Starting at the line that contains "e d \<longleftrightarrow>", print every remaining line of the entries, unchanged, and output nothing more.

Content starts

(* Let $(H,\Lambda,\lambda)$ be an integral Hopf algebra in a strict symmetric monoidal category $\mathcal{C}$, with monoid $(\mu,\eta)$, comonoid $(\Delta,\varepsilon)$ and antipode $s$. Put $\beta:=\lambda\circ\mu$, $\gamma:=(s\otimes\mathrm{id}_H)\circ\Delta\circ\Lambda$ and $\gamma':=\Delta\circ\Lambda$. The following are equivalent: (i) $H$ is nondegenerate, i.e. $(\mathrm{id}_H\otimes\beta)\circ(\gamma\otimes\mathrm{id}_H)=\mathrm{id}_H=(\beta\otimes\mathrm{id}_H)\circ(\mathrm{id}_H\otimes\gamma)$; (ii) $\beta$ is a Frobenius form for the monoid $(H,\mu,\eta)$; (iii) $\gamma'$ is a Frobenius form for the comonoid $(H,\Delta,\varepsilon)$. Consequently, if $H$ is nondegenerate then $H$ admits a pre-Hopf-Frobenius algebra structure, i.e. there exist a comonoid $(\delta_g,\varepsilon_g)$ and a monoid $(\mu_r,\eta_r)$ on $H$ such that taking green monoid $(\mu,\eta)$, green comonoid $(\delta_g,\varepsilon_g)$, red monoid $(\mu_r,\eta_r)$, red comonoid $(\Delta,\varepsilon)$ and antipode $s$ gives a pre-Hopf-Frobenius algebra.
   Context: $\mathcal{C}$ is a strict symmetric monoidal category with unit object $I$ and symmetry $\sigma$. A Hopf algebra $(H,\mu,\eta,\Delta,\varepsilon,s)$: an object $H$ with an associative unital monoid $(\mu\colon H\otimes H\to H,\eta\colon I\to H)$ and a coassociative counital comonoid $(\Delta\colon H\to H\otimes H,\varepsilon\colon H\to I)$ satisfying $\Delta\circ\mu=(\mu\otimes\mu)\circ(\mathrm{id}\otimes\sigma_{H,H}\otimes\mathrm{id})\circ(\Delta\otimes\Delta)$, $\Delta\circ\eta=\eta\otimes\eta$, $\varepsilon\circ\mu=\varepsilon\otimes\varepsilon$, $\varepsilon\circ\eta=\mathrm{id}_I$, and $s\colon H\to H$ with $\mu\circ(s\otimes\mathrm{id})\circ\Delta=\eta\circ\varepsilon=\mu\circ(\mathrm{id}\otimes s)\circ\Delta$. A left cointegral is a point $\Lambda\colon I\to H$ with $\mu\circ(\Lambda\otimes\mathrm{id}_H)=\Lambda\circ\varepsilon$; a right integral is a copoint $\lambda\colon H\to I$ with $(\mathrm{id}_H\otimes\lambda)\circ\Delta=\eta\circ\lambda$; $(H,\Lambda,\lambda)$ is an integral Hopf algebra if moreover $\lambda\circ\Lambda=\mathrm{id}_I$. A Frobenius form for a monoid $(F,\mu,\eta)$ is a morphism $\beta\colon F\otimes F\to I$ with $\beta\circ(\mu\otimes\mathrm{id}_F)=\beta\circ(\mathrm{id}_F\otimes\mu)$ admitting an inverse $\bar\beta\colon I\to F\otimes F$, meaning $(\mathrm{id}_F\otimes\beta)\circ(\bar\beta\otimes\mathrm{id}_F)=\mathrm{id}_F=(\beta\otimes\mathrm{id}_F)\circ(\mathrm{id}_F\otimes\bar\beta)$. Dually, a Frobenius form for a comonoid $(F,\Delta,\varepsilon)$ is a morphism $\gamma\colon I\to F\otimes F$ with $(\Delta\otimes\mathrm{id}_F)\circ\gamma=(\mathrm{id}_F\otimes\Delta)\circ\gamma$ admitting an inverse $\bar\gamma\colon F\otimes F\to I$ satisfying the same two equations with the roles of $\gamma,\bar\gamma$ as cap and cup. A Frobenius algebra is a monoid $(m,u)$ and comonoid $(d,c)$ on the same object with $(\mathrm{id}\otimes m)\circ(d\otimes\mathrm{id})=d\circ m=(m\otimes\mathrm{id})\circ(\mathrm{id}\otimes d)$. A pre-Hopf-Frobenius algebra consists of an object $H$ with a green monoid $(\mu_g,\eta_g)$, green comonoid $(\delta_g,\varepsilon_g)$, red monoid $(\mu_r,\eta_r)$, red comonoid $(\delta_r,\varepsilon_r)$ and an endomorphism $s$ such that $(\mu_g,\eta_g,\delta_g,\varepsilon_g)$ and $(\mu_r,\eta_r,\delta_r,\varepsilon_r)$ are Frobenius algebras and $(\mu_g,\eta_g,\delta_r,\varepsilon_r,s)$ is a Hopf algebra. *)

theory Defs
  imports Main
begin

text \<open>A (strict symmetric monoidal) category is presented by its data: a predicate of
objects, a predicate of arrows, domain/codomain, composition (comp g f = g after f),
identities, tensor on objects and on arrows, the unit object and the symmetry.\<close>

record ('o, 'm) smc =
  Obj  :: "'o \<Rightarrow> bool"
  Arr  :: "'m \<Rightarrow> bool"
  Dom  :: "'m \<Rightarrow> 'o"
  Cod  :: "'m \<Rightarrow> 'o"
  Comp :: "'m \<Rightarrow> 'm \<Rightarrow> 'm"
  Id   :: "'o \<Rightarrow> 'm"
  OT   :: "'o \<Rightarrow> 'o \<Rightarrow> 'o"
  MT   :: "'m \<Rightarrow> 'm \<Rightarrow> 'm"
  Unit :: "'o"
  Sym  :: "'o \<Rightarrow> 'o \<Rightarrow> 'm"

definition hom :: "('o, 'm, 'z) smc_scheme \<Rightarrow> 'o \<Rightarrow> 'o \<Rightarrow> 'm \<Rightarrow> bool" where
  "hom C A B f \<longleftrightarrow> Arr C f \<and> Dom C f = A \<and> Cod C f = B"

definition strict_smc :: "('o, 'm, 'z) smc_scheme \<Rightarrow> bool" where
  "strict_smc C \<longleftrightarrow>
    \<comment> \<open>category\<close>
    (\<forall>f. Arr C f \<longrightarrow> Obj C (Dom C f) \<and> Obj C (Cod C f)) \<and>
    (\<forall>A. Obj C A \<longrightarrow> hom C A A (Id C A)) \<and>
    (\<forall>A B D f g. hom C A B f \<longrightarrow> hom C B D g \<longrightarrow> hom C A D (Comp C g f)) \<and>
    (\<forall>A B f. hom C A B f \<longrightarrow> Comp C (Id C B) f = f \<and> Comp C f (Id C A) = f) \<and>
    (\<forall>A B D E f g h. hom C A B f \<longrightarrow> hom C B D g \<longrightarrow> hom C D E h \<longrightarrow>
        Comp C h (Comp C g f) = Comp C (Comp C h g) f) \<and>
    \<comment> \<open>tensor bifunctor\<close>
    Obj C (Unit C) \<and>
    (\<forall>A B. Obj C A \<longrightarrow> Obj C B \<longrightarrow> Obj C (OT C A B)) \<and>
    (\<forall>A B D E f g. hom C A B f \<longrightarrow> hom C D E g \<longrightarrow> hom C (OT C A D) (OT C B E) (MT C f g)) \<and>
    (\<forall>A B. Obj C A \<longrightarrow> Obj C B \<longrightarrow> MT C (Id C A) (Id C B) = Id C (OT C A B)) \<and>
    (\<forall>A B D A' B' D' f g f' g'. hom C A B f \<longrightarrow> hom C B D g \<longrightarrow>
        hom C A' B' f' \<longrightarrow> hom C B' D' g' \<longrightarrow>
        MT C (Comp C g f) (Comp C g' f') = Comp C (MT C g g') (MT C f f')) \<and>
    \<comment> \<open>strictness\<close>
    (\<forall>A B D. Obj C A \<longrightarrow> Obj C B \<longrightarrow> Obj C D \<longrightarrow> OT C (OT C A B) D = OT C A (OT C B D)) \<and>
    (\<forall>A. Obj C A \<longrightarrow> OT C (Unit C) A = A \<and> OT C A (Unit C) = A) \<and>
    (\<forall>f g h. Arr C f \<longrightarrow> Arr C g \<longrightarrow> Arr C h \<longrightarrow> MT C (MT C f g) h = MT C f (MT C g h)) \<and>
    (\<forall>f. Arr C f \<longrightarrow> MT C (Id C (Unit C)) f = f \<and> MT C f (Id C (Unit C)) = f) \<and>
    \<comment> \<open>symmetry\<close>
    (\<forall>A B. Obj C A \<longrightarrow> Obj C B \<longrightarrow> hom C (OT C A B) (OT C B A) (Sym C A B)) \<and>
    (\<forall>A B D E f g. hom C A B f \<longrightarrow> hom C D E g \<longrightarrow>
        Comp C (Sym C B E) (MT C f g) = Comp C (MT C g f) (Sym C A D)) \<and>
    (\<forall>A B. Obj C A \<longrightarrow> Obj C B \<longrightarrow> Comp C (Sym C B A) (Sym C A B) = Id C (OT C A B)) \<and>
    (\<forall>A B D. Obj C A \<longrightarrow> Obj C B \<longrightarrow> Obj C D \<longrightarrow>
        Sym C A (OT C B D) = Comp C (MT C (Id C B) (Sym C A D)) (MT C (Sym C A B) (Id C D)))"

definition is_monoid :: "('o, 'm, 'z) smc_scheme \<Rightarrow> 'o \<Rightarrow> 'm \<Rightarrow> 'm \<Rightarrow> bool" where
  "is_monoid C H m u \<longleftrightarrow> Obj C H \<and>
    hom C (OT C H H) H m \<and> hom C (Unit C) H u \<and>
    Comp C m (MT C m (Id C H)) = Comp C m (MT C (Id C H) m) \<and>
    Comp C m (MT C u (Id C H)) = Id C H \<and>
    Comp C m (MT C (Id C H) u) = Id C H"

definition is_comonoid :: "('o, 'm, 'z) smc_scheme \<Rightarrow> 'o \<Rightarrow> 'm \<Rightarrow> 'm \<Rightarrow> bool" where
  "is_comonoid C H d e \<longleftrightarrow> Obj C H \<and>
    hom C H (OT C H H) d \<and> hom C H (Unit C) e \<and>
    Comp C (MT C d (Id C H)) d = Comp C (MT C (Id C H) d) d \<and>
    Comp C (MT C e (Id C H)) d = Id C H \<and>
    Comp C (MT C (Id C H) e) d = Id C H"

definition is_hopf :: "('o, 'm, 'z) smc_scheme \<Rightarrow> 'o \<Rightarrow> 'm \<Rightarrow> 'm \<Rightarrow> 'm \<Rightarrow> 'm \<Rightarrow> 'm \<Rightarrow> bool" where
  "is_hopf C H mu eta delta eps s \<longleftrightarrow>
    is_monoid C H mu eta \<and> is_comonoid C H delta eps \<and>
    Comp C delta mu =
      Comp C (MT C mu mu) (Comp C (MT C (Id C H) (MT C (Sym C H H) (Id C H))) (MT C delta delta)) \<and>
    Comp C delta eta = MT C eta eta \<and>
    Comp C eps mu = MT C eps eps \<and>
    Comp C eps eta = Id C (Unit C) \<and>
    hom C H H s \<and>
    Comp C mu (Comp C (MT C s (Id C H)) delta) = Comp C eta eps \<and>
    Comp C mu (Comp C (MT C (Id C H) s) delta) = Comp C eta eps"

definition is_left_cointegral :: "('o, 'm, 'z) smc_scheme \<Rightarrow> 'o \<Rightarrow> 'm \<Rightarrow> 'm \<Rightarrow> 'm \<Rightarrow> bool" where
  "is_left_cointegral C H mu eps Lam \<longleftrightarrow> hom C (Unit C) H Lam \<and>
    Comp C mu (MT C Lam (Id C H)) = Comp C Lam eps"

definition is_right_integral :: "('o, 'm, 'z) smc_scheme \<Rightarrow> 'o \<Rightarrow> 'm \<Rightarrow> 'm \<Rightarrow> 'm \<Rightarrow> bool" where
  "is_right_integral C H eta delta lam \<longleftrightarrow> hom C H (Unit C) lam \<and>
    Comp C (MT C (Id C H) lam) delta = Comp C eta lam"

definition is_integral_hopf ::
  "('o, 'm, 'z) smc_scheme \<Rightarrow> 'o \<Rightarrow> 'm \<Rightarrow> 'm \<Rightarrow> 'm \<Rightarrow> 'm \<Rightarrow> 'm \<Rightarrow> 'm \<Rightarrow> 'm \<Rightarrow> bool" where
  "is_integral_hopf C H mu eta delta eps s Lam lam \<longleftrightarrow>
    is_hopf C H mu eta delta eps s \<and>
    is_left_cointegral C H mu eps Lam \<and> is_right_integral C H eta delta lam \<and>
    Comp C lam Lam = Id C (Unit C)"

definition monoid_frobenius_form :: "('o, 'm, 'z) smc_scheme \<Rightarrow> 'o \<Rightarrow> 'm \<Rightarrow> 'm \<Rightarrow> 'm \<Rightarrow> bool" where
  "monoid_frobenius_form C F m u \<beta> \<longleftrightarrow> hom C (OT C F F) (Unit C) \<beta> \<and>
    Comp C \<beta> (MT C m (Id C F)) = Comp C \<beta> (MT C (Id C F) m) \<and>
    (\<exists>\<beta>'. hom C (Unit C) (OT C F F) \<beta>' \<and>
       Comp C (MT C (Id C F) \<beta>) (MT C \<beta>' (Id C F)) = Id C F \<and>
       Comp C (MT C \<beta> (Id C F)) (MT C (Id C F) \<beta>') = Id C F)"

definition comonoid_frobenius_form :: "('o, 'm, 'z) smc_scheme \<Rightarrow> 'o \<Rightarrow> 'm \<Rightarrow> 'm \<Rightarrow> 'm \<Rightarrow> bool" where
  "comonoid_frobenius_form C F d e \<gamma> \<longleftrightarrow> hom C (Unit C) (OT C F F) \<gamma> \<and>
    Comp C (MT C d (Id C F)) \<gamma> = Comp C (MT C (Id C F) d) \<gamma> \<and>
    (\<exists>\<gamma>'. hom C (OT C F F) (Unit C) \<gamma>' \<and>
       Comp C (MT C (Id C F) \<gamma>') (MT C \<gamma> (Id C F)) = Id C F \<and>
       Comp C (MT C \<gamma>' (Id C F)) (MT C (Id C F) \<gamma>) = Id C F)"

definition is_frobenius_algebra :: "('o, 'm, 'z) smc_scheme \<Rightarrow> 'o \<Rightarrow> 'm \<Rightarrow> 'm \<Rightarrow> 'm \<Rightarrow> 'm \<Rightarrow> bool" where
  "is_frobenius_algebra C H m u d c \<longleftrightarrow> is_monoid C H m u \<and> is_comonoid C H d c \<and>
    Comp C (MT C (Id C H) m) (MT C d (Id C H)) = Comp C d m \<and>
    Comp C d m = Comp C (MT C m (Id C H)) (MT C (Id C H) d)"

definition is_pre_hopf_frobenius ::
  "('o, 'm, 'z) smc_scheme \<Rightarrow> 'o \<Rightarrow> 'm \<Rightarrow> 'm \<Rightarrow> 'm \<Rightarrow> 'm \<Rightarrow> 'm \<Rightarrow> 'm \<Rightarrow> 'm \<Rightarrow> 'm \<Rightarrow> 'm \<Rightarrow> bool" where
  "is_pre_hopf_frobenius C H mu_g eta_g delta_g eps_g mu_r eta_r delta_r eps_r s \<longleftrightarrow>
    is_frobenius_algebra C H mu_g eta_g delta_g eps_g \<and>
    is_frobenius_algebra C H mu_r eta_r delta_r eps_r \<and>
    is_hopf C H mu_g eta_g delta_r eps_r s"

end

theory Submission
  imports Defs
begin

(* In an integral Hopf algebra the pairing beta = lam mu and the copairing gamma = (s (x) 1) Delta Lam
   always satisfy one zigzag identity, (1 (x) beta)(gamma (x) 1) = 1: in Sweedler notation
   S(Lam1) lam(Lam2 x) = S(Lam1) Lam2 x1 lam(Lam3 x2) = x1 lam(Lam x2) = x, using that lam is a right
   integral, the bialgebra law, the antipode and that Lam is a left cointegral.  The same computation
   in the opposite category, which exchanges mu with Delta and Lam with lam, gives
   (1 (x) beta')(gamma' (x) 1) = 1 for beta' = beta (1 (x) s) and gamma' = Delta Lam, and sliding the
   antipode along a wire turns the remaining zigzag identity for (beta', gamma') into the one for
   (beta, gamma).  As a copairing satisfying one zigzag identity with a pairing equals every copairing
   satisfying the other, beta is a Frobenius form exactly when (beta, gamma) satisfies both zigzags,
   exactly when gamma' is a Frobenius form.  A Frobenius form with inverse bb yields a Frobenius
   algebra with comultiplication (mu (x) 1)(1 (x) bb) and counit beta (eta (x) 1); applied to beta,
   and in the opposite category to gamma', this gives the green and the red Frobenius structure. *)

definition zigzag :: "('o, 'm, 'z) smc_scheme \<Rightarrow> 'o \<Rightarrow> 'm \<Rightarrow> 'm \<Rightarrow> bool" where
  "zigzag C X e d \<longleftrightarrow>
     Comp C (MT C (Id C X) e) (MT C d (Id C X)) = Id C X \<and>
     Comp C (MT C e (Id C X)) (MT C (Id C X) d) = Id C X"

Content ends

## Output of the task
  "zigzag C X e d \<longleftrightarrow>
     Comp C (MT C (Id C X) e) (MT C d (Id C X)) = Id C X \<and>
     Comp C (MT C e (Id C X)) (MT C (Id C X) d) = Id C X"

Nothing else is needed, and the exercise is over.